Determination of the optimal number of reference genes for geNorm analysis. The pairwise variation (Vn/Vn + 1) was analyzed for the normalization factors NFn and NFn + 1 by geNorm program to determine (V < 0.15) the optimal number of reference genes.

NormFinder analysis

The result of NormFinder analysis presented that the stability ranking of the six candidate reference genes was relatively consistent with the data array of geNorm findings. The results of gene expression stability analysis are shown in Supplementary Table S4. For the all samples set rpl32, β-Tubulin and SDH were identified as the best three optimal internal control genes with the stability value of 0.08, 0.16, and 0.21, while ACT with stability value (SV) 0.49 showed higher variation. In the case of field distribution, ACT and GAPDH were unstable with the stability value of (0.47), (0.55). But in the sample set of developmental stages, ACT and SDH showed stability value of (0.77), (0.78) and said to be very unstable. The rpl32, β-Tubulin and α-Tubulin found to be highly stable with the stability of 0.16, 0.17 and 0.70 in developmental conditions, respectively. The β-Tubulin and rpl32 were also very stable and showed the stability value of (0.38 and 0.42) at field distribution sample sets (Table 3).

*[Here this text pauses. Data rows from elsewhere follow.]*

lemma divdiff_weight_sign:
  assumes dec: "\<forall>i j. i < j \<and> j < n \<longrightarrow> v j < v i" and "i < n"
  shows "if even i then 0 < divdiff_weight v n i else divdiff_weight v n i < 0"
proof -
  have split: "{..<n}-{i} = {..<i} \<union> {i<..<n}" using \<open>i < n\<close> by auto
  have "(\<Prod>j\<in>{..<n}-{i}. v i - v j) = (\<Prod>j<i. v i - v j) * (\<Prod>j\<in>{i<..<n}. v i - v j)"
    unfolding split by (rule prod.union_disjoint) auto
  also have "(\<Prod>j<i. v i - v j) = (-1) ^ i * (\<Prod>j<i. v j - v i)"
    using prod_uminus[of "\<lambda>j. v j - v i" "{..<i}"] by simp
  finally have "(-1) ^ i * (\<Prod>j\<in>{..<n}-{i}. v i - v j)
      = (\<Prod>j<i. v j - v i) * (\<Prod>j\<in>{i<..<n}. v i - v j)"
    by (simp flip: power_add add: power_mult_distrib)
  also have "\<dots> > 0"
    using dec \<open>i < n\<close> by (intro mult_pos_pos prod_pos) auto
  finally show ?thesis
    by (cases "even i") (auto simp: divdiff_weight_def zero_less_mult_iff)
qed

section \<open>Alternating sequences and separating polynomials\<close>

definition interlace_desc :: "nat \<Rightarrow> real set \<Rightarrow> real set \<Rightarrow> bool" where
  "interlace_desc k A B \<longleftrightarrow> (\<exists>v :: nat \<Rightarrow> real.
      (\<forall>i j. i < j \<and> j < k \<longrightarrow> v j < v i) \<and>
      (\<forall>i<k. v i \<in> (if even i then A else B)))"
(* Let $\mathcal{U}$ be a separable Banach space with dual $\mathcal{U}^*$ and duality pairing $[\cdot,\cdot]$, endowed with a quadratic norm given by a linear bijection $\mathcal{K}:\mathcal{U}^*\to\mathcal{U}$ which is symmetric and positive, $\|u\|^2=[\mathcal{K}^{-1}u,u]$. Let $\phi_1,\dots,\phi_N\in\mathcal{U}^*$ be nontrivial, $\boldsymbol{\phi}=(\phi_1,\dots,\phi_N)$, and $\Theta\in\mathbb{R}^{N\times N}$ with $\Theta_{i,n}=[\phi_i,\mathcal{K}\phi_n]$, assumed invertible; let $\chi_i=\sum_{n=1}^N(\Theta^{-1})_{i,n}\mathcal{K}\phi_n$. Let $G:\mathbb{R}^N\to\mathbb{R}^I$ and $F:\mathbb{R}^N\to\mathbb{R}^M$ be (possibly nonlinear) functions, $\gamma$ a nonzero real parameter, and fix $(\mathbf{o},\mathbf{y})\in\mathbb{R}^I\times\mathbb{R}^M$. Then $u^\dagger\in\mathcal{U}$ is a minimizer of $$\min_{u\in\mathcal{U}}\ \|u\|^2+\frac{1}{\gamma^2}|G([\boldsymbol{\phi},u])-\mathbf{o}|^2\quad\text{s.t.}\quad F([\boldsymbol{\phi},u])=\mathbf{y}$$ if and only if $u^\dagger=\sum_{n=1}^N z^\dagger_n\chi_n$ where $\mathbf{z}^\dagger$ is a minimizer of $$\min_{\mathbf{z}\in\mathbb{R}^N}\ \mathbf{z}^T\Theta^{-1}\mathbf{z}+\frac{1}{\gamma^2}|G(\mathbf{z})-\mathbf{o}|^2\quad\text{s.t.}\quad F(\mathbf{z})=\mathbf{y}.$$
   Context: Symmetric means $[\mathcal{K}\phi,\varphi]=[\mathcal{K}\varphi,\phi]$ and positive means $[\mathcal{K}\phi,\phi]>0$ for $\phi\ne0$. $[\boldsymbol{\phi},u]$ denotes the vector $([\phi_1,u],\dots,[\phi_N,u])\in\mathbb{R}^N$; $|\cdot|$ is the Euclidean norm. *)

theory Defs
  imports "HOL-Analysis.Analysis"
begin

end

(* The vectors chi are biorthogonal to the measurements phi, so z \<mapsto> \<Sum>n. z n chi n is a right
   inverse S of the measurement map P u = [\<phi>, u].  Its range is K (span \<phi>), and u - S (P u) is
   annihilated by every \<phi> n, hence orthogonal to that range for the inner product
   [K\<^sup>-\<^sup>1 \<cdot>, \<cdot>]; this gives |u|\<^sup>2 = |S (P u)|\<^sup>2 + |u - S (P u)|\<^sup>2 with |S z|\<^sup>2 = z\<^sup>T \<Theta>\<^sup>-\<^sup>1 z.
   As constraint and misfit depend on u only through P u, replacing u by S (P u) never
   increases the objective and strictly decreases it unless u = S (P u). *)

theory Submission
  imports Defs
begin

lemma bij_linear_imp_inv_linear:
  fixes f :: "'a::real_vector \<Rightarrow> 'b::real_vector"
  assumes "linear f" "bij f"
  shows "linear (inv f)"
proof (rule linearI)
  have f_inv_f: "f (inv f b) = b" for b
    using assms(2) by (simp add: bij_is_surj surj_f_inv_f)
  have inv_f_f: "inv f (f a) = a" for a
    using assms(2) by (simp add: bij_is_inj)
  show "inv f (b + c) = inv f b + inv f c" for b c
    using inv_f_f[of "inv f b + inv f c"] by (simp add: linear_add[OF assms(1)] f_inv_f)
  show "inv f (r *\<^sub>R b) = r *\<^sub>R inv f b" for r b
    using inv_f_f[of "r *\<^sub>R inv f b"] by (simp add: linear_scale[OF assms(1)] f_inv_f)
qed

lemma matrix_mul_matrix_inv:
  assumes "invertible (A :: 'a::semiring_1^'n^'m)"
  shows "A ** matrix_inv A = mat 1" "matrix_inv A ** A = mat 1"
  using someI_ex[OF assms[unfolded invertible_def]] by (simp_all add: matrix_inv_def)

lemma transpose_matrix_inv_symmetric:
  fixes A :: "'a::comm_semiring_1^'n^'n"
  assumes "transpose A = A" "invertible A"
  shows "transpose (matrix_inv A) = matrix_inv A"
proof -
  have "transpose (matrix_inv A) = transpose (matrix_inv A) ** (A ** matrix_inv A)"
    by (simp add: matrix_mul_matrix_inv assms(2))
  also have "\<dots> = transpose (A ** matrix_inv A) ** matrix_inv A"
    using assms(1) by (simp add: matrix_mul_assoc matrix_transpose_mul)
  finally show ?thesis
    by (simp add: matrix_mul_matrix_inv assms(2))
qed

lemma constrained_argmin_reduction:
  fixes f :: "'u \<Rightarrow> 'a::ordered_ab_group_add"
  assumes P_S: "\<And>z. P (S z) = z"
    and f_S_P_le: "\<And>u. f (S (P u)) \<le> f u"
    and f_S_P_eq: "\<And>u. f u \<le> f (S (P u)) \<Longrightarrow> u = S (P u)"
  shows "(C (P u\<^sub>0) \<and> (\<forall>u. C (P u) \<longrightarrow> f u\<^sub>0 + R (P u\<^sub>0) \<le> f u + R (P u)))
     \<longleftrightarrow> (\<exists>z\<^sub>0. u\<^sub>0 = S z\<^sub>0 \<and> C z\<^sub>0 \<and> (\<forall>z. C z \<longrightarrow> f (S z\<^sub>0) + R z\<^sub>0 \<le> f (S z) + R z))"
    (is "?min_u \<longleftrightarrow> ?min_z")
proof
  assume min_u: ?min_u
  have "f u\<^sub>0 + R (P u\<^sub>0) \<le> f (S (P u\<^sub>0)) + R (P u\<^sub>0)"
    using min_u min_u[THEN conjunct2, rule_format, of "S (P u\<^sub>0)"] by (simp add: P_S)
  then have u\<^sub>0_eq: "u\<^sub>0 = S (P u\<^sub>0)"
    by (simp add: f_S_P_eq)
  have "f (S (P u\<^sub>0)) + R (P u\<^sub>0) \<le> f (S z) + R z" if "C z" for z
    using min_u[THEN conjunct2, rule_format, of "S z"] that by (simp add: P_S flip: u\<^sub>0_eq)
  with min_u u\<^sub>0_eq show ?min_z
    by blast
next
  assume ?min_z
  then obtain z\<^sub>0 where u\<^sub>0: "u\<^sub>0 = S z\<^sub>0" and "C z\<^sub>0"
    and min_z: "\<forall>z. C z \<longrightarrow> f (S z\<^sub>0) + R z\<^sub>0 \<le> f (S z) + R z"
    by blast
  have "f (S z\<^sub>0) + R z\<^sub>0 \<le> f u + R (P u)" if "C (P u)" for u
  proof -
    have "f (S z\<^sub>0) + R z\<^sub>0 \<le> f (S (P u)) + R (P u)"
      using min_z that by (simp add: P_S)
    also have "\<dots> \<le> f u + R (P u)"
      using f_S_P_le by (rule add_right_mono)
    finally show ?thesis .
  qed
  with \<open>C z\<^sub>0\<close> show ?min_u
    by (simp add: u\<^sub>0 P_S)
qed

locale quadratic_norm_operator =
  fixes K :: "('u::real_normed_vector \<Rightarrow>\<^sub>L real) \<Rightarrow> 'u"
  assumes linear_K: "linear K"
    and bij_K: "bij K"
    and K_symmetric: "\<And>\<psi> \<rho>. blinfun_apply \<rho> (K \<psi>) = blinfun_apply \<psi> (K \<rho>)"
    and norm_square_eq: "\<And>u. (norm u)\<^sup>2 = blinfun_apply (inv K u) u"
begin

lemma K_inv_K [simp]: "K (inv K u) = u"
  by (simp add: bij_K bij_is_surj surj_f_inv_f)

lemma inv_K_K [simp]: "inv K (K \<psi>) = \<psi>"
  by (simp add: bij_K bij_is_inj)

lemma linear_inv_K: "linear (inv K)"
  by (simp add: bij_linear_imp_inv_linear linear_K bij_K)

lemma norm_add_square_orthogonal:
  assumes "blinfun_apply (inv K v) d = 0"
  shows "(norm (v + d))\<^sup>2 = (norm v)\<^sup>2 + (norm d)\<^sup>2"
proof -
  have d_v: "blinfun_apply (inv K d) v = 0"
    using K_symmetric[of "inv K v" "inv K d"] assms by simp
  have "(norm (v + d))\<^sup>2 = blinfun_apply (inv K v + inv K d) (v + d)"
    by (simp add: norm_square_eq linear_add[OF linear_inv_K])
  also have "\<dots> = blinfun_apply (inv K v) v + blinfun_apply (inv K d) d"
    by (simp add: blinfun.add_left blinfun.add_right assms d_v)
  finally show ?thesis
    by (simp add: norm_square_eq)
qed

end

locale optimal_recovery = quadratic_norm_operator K
  for K :: "('u::real_normed_vector \<Rightarrow>\<^sub>L real) \<Rightarrow> 'u" +
  fixes \<phi> :: "'n::finite \<Rightarrow> ('u \<Rightarrow>\<^sub>L real)"
    and \<Theta> :: "real ^ 'n ^ 'n"
    and chi :: "'n \<Rightarrow> 'u"
  assumes \<Theta>_eq: "\<And>i n. \<Theta> $ i $ n = blinfun_apply (\<phi> i) (K (\<phi> n))"
    and invertible_\<Theta>: "invertible \<Theta>"
    and chi_eq: "\<And>i. chi i = (\<Sum>n\<in>UNIV. (matrix_inv \<Theta> $ i $ n) *\<^sub>R K (\<phi> n))"
begin

definition measurements :: "'u \<Rightarrow> real ^ 'n"
  where "measurements u = (\<chi> n. blinfun_apply (\<phi> n) u)"

definition recovery :: "real ^ 'n \<Rightarrow> 'u"
  where "recovery z = (\<Sum>n\<in>UNIV. z $ n *\<^sub>R chi n)"

lemma transpose_\<Theta>: "transpose \<Theta> = \<Theta>"
proof -
  have "\<Theta> $ j $ i = \<Theta> $ i $ j" for i j
    unfolding \<Theta>_eq by (rule K_symmetric)
  then show ?thesis
    by (simp add: transpose_def vec_eq_iff)
qed

lemma matrix_inv_\<Theta>_symmetric: "matrix_inv \<Theta> $ i $ j = matrix_inv \<Theta> $ j $ i"
proof -
  have "transpose (matrix_inv \<Theta>) = matrix_inv \<Theta>"
    using transpose_\<Theta> invertible_\<Theta> by (rule transpose_matrix_inv_symmetric)
  then have "transpose (matrix_inv \<Theta>) $ j $ i = matrix_inv \<Theta> $ j $ i"
    by simp
  then show ?thesis
    by (simp add: transpose_def)
qed

lemma \<phi>_chi: "blinfun_apply (\<phi> i) (chi j) = (if i = j then 1 else 0)"
proof -
  have "blinfun_apply (\<phi> i) (chi j) = (\<Sum>n\<in>UNIV. matrix_inv \<Theta> $ j $ n * \<Theta> $ i $ n)"
    by (simp add: chi_eq blinfun.sum_right blinfun.scaleR_right \<Theta>_eq)
  also have "\<dots> = (\<Theta> ** matrix_inv \<Theta>) $ i $ j"
    by (simp add: matrix_matrix_mult_def matrix_inv_\<Theta>_symmetric[of j] mult.commute)
  finally show ?thesis
    by (simp add: matrix_mul_matrix_inv invertible_\<Theta> mat_def)
qed

lemma \<phi>_recovery: "blinfun_apply (\<phi> i) (recovery z) = z $ i"
proof -
  have "blinfun_apply (\<phi> i) (recovery z) = (\<Sum>j\<in>UNIV. z $ j * blinfun_apply (\<phi> i) (chi j))"
    by (simp add: recovery_def blinfun.sum_right blinfun.scaleR_right)
  then show ?thesis
    by (simp add: \<phi>_chi if_distrib cong: if_cong)
qed

lemma measurements_recovery [simp]: "measurements (recovery z) = z"
  by (simp add: measurements_def vec_eq_iff \<phi>_recovery)

lemma inv_K_recovery: "inv K (recovery z) = (\<Sum>n\<in>UNIV. (matrix_inv \<Theta> *v z) $ n *\<^sub>R \<phi> n)"
proof -
  have "K (\<Sum>n\<in>UNIV. (matrix_inv \<Theta> *v z) $ n *\<^sub>R \<phi> n)
      = (\<Sum>n\<in>UNIV. (\<Sum>j\<in>UNIV. z $ j * matrix_inv \<Theta> $ j $ n) *\<^sub>R K (\<phi> n))"
    by (simp add: linear_sum[OF linear_K] linear_scale[OF linear_K] matrix_vector_mult_def
        matrix_inv_\<Theta>_symmetric[of n for n] mult.commute)
  also have "\<dots> = (\<Sum>j\<in>UNIV. \<Sum>n\<in>UNIV. z $ j *\<^sub>R (matrix_inv \<Theta> $ j $ n *\<^sub>R K (\<phi> n)))"
    by (subst sum.swap) (simp add: scaleR_sum_left)
  also have "\<dots> = recovery z"
    by (simp add: recovery_def chi_eq scaleR_sum_right)
  finally show ?thesis
    by (metis inv_K_K)
qed

lemma norm_recovery: "(norm (recovery z))\<^sup>2 = z \<bullet> (matrix_inv \<Theta> *v z)"
  by (simp add: norm_square_eq inv_K_recovery blinfun.sum_left blinfun.scaleR_left \<phi>_recovery
      inner_vec_def mult.commute)

lemma norm_square_split:
  "(norm u)\<^sup>2 = (norm (recovery (measurements u)))\<^sup>2 + (norm (u - recovery (measurements u)))\<^sup>2"
proof -
  let ?v = "recovery (measurements u)"
  have "blinfun_apply (inv K ?v) (u - ?v) = 0"
    by (simp add: inv_K_recovery blinfun.sum_left blinfun.scaleR_left blinfun.diff_right
        \<phi>_recovery measurements_def)
  then have "(norm (?v + (u - ?v)))\<^sup>2 = (norm ?v)\<^sup>2 + (norm (u - ?v))\<^sup>2"
    by (rule norm_add_square_orthogonal)
  then show ?thesis
    by simp
qed

lemma norm_recovery_measurements_le: "(norm (recovery (measurements u)))\<^sup>2 \<le> (norm u)\<^sup>2"
  using norm_square_split[of u] by simp

lemma eq_recovery_measurements_if_norm_le:
  assumes "(norm u)\<^sup>2 \<le> (norm (recovery (measurements u)))\<^sup>2"
  shows "u = recovery (measurements u)"
  using assms norm_square_split[of u] by simp

end

theorem proposition2p3:
  fixes K :: "('u::banach \<Rightarrow>\<^sub>L real) \<Rightarrow> 'u"
    and \<phi> :: "'n::finite \<Rightarrow> ('u \<Rightarrow>\<^sub>L real)"
    and \<Theta> :: "real ^ 'n ^ 'n"
    and chi :: "'n \<Rightarrow> 'u"
    and G :: "real ^ 'n \<Rightarrow> real ^ 'i::finite"
    and F :: "real ^ 'n \<Rightarrow> real ^ 'm::finite"
    and \<gamma> :: real
    and obs :: "real ^ 'i" and y :: "real ^ 'm"
    and u\<^sub>0 :: 'u
  assumes separable: "separable_space (euclidean :: 'u topology)"
    and K_linear: "linear K"
    and K_bij: "bij K"
    and K_sym: "\<And>\<psi> \<rho>. blinfun_apply \<rho> (K \<psi>) = blinfun_apply \<psi> (K \<rho>)"
    and K_pos: "\<And>\<psi>. \<psi> \<noteq> 0 \<Longrightarrow> blinfun_apply \<psi> (K \<psi>) > 0"
    and norm_K: "\<And>u. (norm u)\<^sup>2 = blinfun_apply (inv K u) u"
    and \<phi>_nontriv: "\<And>n. \<phi> n \<noteq> 0"
    and \<Theta>_def: "\<And>i n. \<Theta> $ i $ n = blinfun_apply (\<phi> i) (K (\<phi> n))"
    and \<Theta>_inv: "invertible \<Theta>"
    and chi_def: "\<And>i. chi i = (\<Sum>n\<in>UNIV. (matrix_inv \<Theta> $ i $ n) *\<^sub>R K (\<phi> n))"
    and \<gamma>_nz: "\<gamma> \<noteq> 0"
  shows "(F (\<chi> n. blinfun_apply (\<phi> n) u\<^sub>0) = y \<and>
          (\<forall>u. F (\<chi> n. blinfun_apply (\<phi> n) u) = y \<longrightarrow>
             (norm u\<^sub>0)\<^sup>2 + (1 / \<gamma>\<^sup>2) * (norm (G (\<chi> n. blinfun_apply (\<phi> n) u\<^sub>0) - obs))\<^sup>2
             \<le> (norm u)\<^sup>2 + (1 / \<gamma>\<^sup>2) * (norm (G (\<chi> n. blinfun_apply (\<phi> n) u) - obs))\<^sup>2))
     \<longleftrightarrow>
     (\<exists>z\<^sub>0 :: real ^ 'n.
        u\<^sub>0 = (\<Sum>n\<in>UNIV. z\<^sub>0 $ n *\<^sub>R chi n) \<and>
        F z\<^sub>0 = y \<and>
        (\<forall>z. F z = y \<longrightarrow>
           z\<^sub>0 \<bullet> (matrix_inv \<Theta> *v z\<^sub>0) + (1 / \<gamma>\<^sup>2) * (norm (G z\<^sub>0 - obs))\<^sup>2
           \<le> z \<bullet> (matrix_inv \<Theta> *v z) + (1 / \<gamma>\<^sup>2) * (norm (G z - obs))\<^sup>2))"
proof -
  \<comment> \<open>Separability, positivity of K (implied by norm_K), \<phi> n \<noteq> 0 and \<gamma> \<noteq> 0 are not needed;
     for \<gamma> = 0 both sides carry the same junk weight 1 / 0 = 0.\<close>
  interpret optimal_recovery K \<phi> \<Theta> chi
    by (intro optimal_recovery.intro quadratic_norm_operator.intro optimal_recovery_axioms.intro)
      (fact K_linear K_bij K_sym norm_K \<Theta>_def \<Theta>_inv chi_def)+
  note constrained_argmin_reduction[where P = measurements and S = recovery
      and f = "\<lambda>u. (norm u)\<^sup>2" and C = "\<lambda>z. F z = y"
      and R = "\<lambda>z. (1 / \<gamma>\<^sup>2) * (norm (G z - obs))\<^sup>2",
      OF measurements_recovery norm_recovery_measurements_le eq_recovery_measurements_if_norm_le]
  then show ?thesis
    unfolding norm_recovery unfolding measurements_def recovery_def .
qed

end
lemma weak_equivalence_deformation_retract:
  assumes incl: "continuous_map S T (\<lambda>x. x)"
    and r: "continuous_map T S r" and r_id: "\<And>x. x \<in> topspace S \<Longrightarrow> r x = x"
    and hom: "homotopic_with (\<lambda>h. \<forall>x\<in>topspace S. h x = x) T T r (\<lambda>x. x)"
  shows "weak_equivalence S T (\<lambda>x. x)"
  unfolding weak_equivalence_def
proof (intro conjI incl allI impI)
  fix n x0 assume x0: "x0 \<in> topspace S"
  show "\<exists>h. pointed_sphere_map n S x0 h \<and> pointed_homotopic n T x0 ((\<lambda>x. x) \<circ> h) g"
    if g: "pointed_sphere_map n T x0 g" for g
  proof (intro exI conjI)
    have gc: "continuous_map (nsphere n) T g" and gb: "g sphere_base = x0"
      using g by (auto simp: pointed_sphere_map_def)
    show "pointed_sphere_map n S x0 (r \<circ> g)"
      using gc gb r r_id[OF x0] by (auto simp: pointed_sphere_map_def intro: continuous_map_compose)
    have "homotopic_with (\<lambda>k. k sphere_base = x0) (nsphere n) T (r \<circ> g) ((\<lambda>x. x) \<circ> g)"
      using homotopic_with_compose_continuous_map_right[OF hom gc] x0 gb by simp
    then show "pointed_homotopic n T x0 ((\<lambda>x. x) \<circ> (r \<circ> g)) g"
      by (simp add: pointed_homotopic_def o_def)
  qed
  show "pointed_homotopic n S x0 h1 h2"
    if "pointed_sphere_map n S x0 h1 \<and> pointed_sphere_map n S x0 h2 \<and>
        pointed_homotopic n T x0 ((\<lambda>x. x) \<circ> h1) ((\<lambda>x. x) \<circ> h2)" for h1 h2
  proof -
    have h: "continuous_map (nsphere n) S h1" "continuous_map (nsphere n) S h2"
      and hh: "homotopic_with (\<lambda>k. k sphere_base = x0) (nsphere n) T h1 h2"
      using that by (auto simp: pointed_sphere_map_def pointed_homotopic_def o_def)
    have "homotopic_with (\<lambda>k. k sphere_base = x0) (nsphere n) S (r \<circ> h1) (r \<circ> h2)"
      using homotopic_with_compose_continuous_map_left[OF hh r] r_id[OF x0] by simp
    then show ?thesis
      unfolding pointed_homotopic_def
    proof (rule homotopic_with_eq)
      show "h1 x = (r \<circ> h1) x" "h2 x = (r \<circ> h2) x" if "x \<in> topspace (nsphere n)" for x
        using that continuous_map_image_subset_topspace[OF h(1)]
          continuous_map_image_subset_topspace[OF h(2)] r_id by (auto simp: image_subset_iff)
    qed (simp add: sphere_base_in_topspace)
  qed
qed
section \<open>Coordinates read along a predictable path\<close>

lemma measurable_PiM_pmf_finite_dependence:
  fixes f :: "('i \<Rightarrow> 'a::finite) \<Rightarrow> 'b" and p :: "'a pmf"
  assumes "finite J" and "\<And>\<omega> \<omega>'. (\<forall>i\<in>J. \<omega> i = \<omega>' i) \<Longrightarrow> f \<omega> = f \<omega>'"
    and "\<And>\<omega>. f \<omega> \<in> space N"
  shows "f \<in> measurable (PiM UNIV (\<lambda>_. measure_pmf p)) N"
proof -
  let ?P = "PiM UNIV (\<lambda>_. measure_pmf p)"
  let ?A = "PiE J (\<lambda>_. UNIV :: 'a set)"
  have fin: "finite ?A" using assms(1) by (intro finite_PiE) auto
  have "(\<lambda>\<omega>. restrict \<omega> J) \<in> measurable ?P (count_space ?A)"
    unfolding measurable_count_space_eq2[OF fin]
  proof safe
    fix a assume a: "a \<in> ?A"
    have "(\<lambda>\<omega>. restrict \<omega> J) -` {a} \<inter> space ?P = {\<omega> \<in> space ?P. \<forall>i\<in>J. \<omega> i = a i}"
      using a by (auto simp: restrict_def PiE_def extensional_def fun_eq_iff)
    also have "\<dots> \<in> sets ?P"
      by (intro sets.sets_Collect_finite_All[OF _ assms(1)] sets_Collect_single) simp_all
    finally show "(\<lambda>\<omega>. restrict \<omega> J) -` {a} \<inter> space ?P \<in> sets ?P" .
  qed auto
  moreover have "f \<in> measurable (count_space ?A) N"
    using assms(3) by auto
  ultimately have "(\<lambda>\<omega>. f (restrict \<omega> J)) \<in> measurable ?P N"
    by (rule measurable_compose)
  moreover have "f (restrict \<omega> J) = f \<omega>" for \<omega>
    by (rule assms(2)) simp
  ultimately show ?thesis by simp
qed

lemma nn_integral_PiM_pmf_split_coordinate:
  fixes f :: "('i \<Rightarrow> 'a) \<Rightarrow> ennreal" and p :: "'a pmf"
  assumes f: "f \<in> borel_measurable (PiM UNIV (\<lambda>_. measure_pmf p))"
  shows "(\<integral>\<^sup>+\<omega>. f \<omega> \<partial>PiM UNIV (\<lambda>_. measure_pmf p))
       = (\<integral>\<^sup>+x. \<integral>\<^sup>+X. f (X(v := x)) \<partial>PiM (UNIV - {v}) (\<lambda>_. measure_pmf p) \<partial>measure_pmf p)"
proof -
  let ?M = "\<lambda>_::'i. measure_pmf p"
  let ?T = "\<lambda>(x, X). (X :: 'i \<Rightarrow> 'a)(v := x)"
  interpret prob_space "PiM (UNIV - {v}) ?M"
    by (intro prob_space_PiM) (simp add: prob_space_measure_pmf)
  have T: "?T \<in> measurable (measure_pmf p \<Otimes>\<^sub>M PiM (UNIV - {v}) ?M) (PiM UNIV ?M)"
    unfolding case_prod_beta' by (rule measurable_fun_upd[where J = "UNIV - {v}"]) auto
  have D: "distr (measure_pmf p \<Otimes>\<^sub>M PiM (UNIV - {v}) ?M) (PiM UNIV ?M) ?T = PiM UNIV ?M"
    using distr_pair_PiM_eq_PiM[of "UNIV - {v}" ?M v] by (simp add: insert_absorb prob_space_measure_pmf)
  have "(\<integral>\<^sup>+\<omega>. f \<omega> \<partial>PiM UNIV ?M)
      = (\<integral>\<^sup>+y. f (?T y) \<partial>(measure_pmf p \<Otimes>\<^sub>M PiM (UNIV - {v}) ?M))"
    by (subst D[symmetric], subst nn_integral_distr[OF T]) (use f D in simp_all)
  also have "\<dots> = (\<integral>\<^sup>+x. \<integral>\<^sup>+X. f (X(v := x)) \<partial>PiM (UNIV - {v}) ?M \<partial>measure_pmf p)"
    using measurable_compose[OF T f] by (subst nn_integral_fst[symmetric]) (simp_all add: case_prod_beta')
  finally show ?thesis .
qed
lemma sine_mode_reflect_low: "sine_mode n j (-2 - z) = - sine_mode n j z"
proof -
  have "real j * pi / (real n + 1/2) * (real n - 1/2 - of_int (-2 - z))
      = 2 * real j * pi - real j * pi / (real n + 1/2) * (real n - 1/2 - of_int z)"
    by (simp add: field_simps)
  then show ?thesis unfolding sine_mode_def by (simp add: sin_diff)
qed

lemma sine_mode_reflect_high: "sine_mode n j (2 * int n - 1 - z) = - sine_mode n j z"
proof -
  have "real j * pi / (real n + 1/2) * (real n - 1/2 - of_int (2 * int n - 1 - z))
      = - (real j * pi / (real n + 1/2) * (real n - 1/2 - of_int z))"
    by (simp add: field_simps)
  then show ?thesis unfolding sine_mode_def by simp
qed

lemma sine_mode_harmonic:
  "sine_mode n j (i + int l) + sine_mode n j (i - int l)
    = 2 * complex_of_real (cos (real l * (real j * pi / (real n + 1/2)))) * sine_mode n j i"
proof -
  define \<theta> where "\<theta> = real j * pi / (real n + 1/2)"
  define a where "a = \<theta> * (real n - 1/2 - of_int i)"
  have "\<theta> * (real n - 1/2 - of_int (i + int l)) = a - real l * \<theta>"
    "\<theta> * (real n - 1/2 - of_int (i - int l)) = a + real l * \<theta>"
    unfolding a_def by (simp_all add: algebra_simps)
  moreover have "sin (a - b) + sin (a + b) = 2 * cos b * sin a" for b
    by (simp add: sin_diff sin_add)
  ultimately show ?thesis
    unfolding sine_mode_def \<theta>_def[symmetric] a_def[symmetric] by (simp flip: of_real_add)
qed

This means that α-Tubulin, β-Tubulin, and rpl32 were the best stably expressed gene under developmental subgroups, and β-Tublin and rpl32 performed better in the field conditions. In the sample set temperature variations, ACT and β-Tubulin were found to be very unstable with the stability values of (0.23 and 0.22, respectively) while α-Tubulin and rpl32 behave stable with the stability of (0.08 and 0.02). Under different host feeding assays, β-Tubulin and ACT found to be very unstable with stability values of (0.44, 0.63), while rpl32 and GAPDH were stable with stability value of (0.24, 0.56). The results shown with NormFinder was similar to the one obtained from geNorm to some extent (Tables 3 and 4). Overall, NormFinder predicted the reference genes α-Tubulin, β-Tubulin and rpl32 were the highly stable genes in development and host feeding assay sample, which was set similar to the results obtained by geNorm analysis. In the case of field distribution and temperature treatments, α-Tubulin and rpl32 were the highly stable genes and ACT, GAPDH were the unstable gene in the all sample set subgroups.

RefFinder analysis

The RefFinder analysis revealed that α-Tubulin and β-Tubulin were most stable genes in field distribution samples subgroup. However, β-Tubulin and rpl32 were ranked as top in different stages sample subset. The rpl32, and α-Tubulin genes were the most stable genes under different temperature conditions, whereas GAPDH, rpl32 and α-Tubulin were observed to be highly stable in different host feeding assays. The comprehensive ranking also revealed that the β-Tubulin and rpl32 were the most stable genes in the all biotic stress treatment samples, while rpl32 and α-Tubulin in abiotic stress treatments. Other candidate genes such as ACT in the field, different stages and host feeding assay sample subsets; and GAPDH in temperature treatments were found as the unstable genes in this analysis (Supplementary Table S5).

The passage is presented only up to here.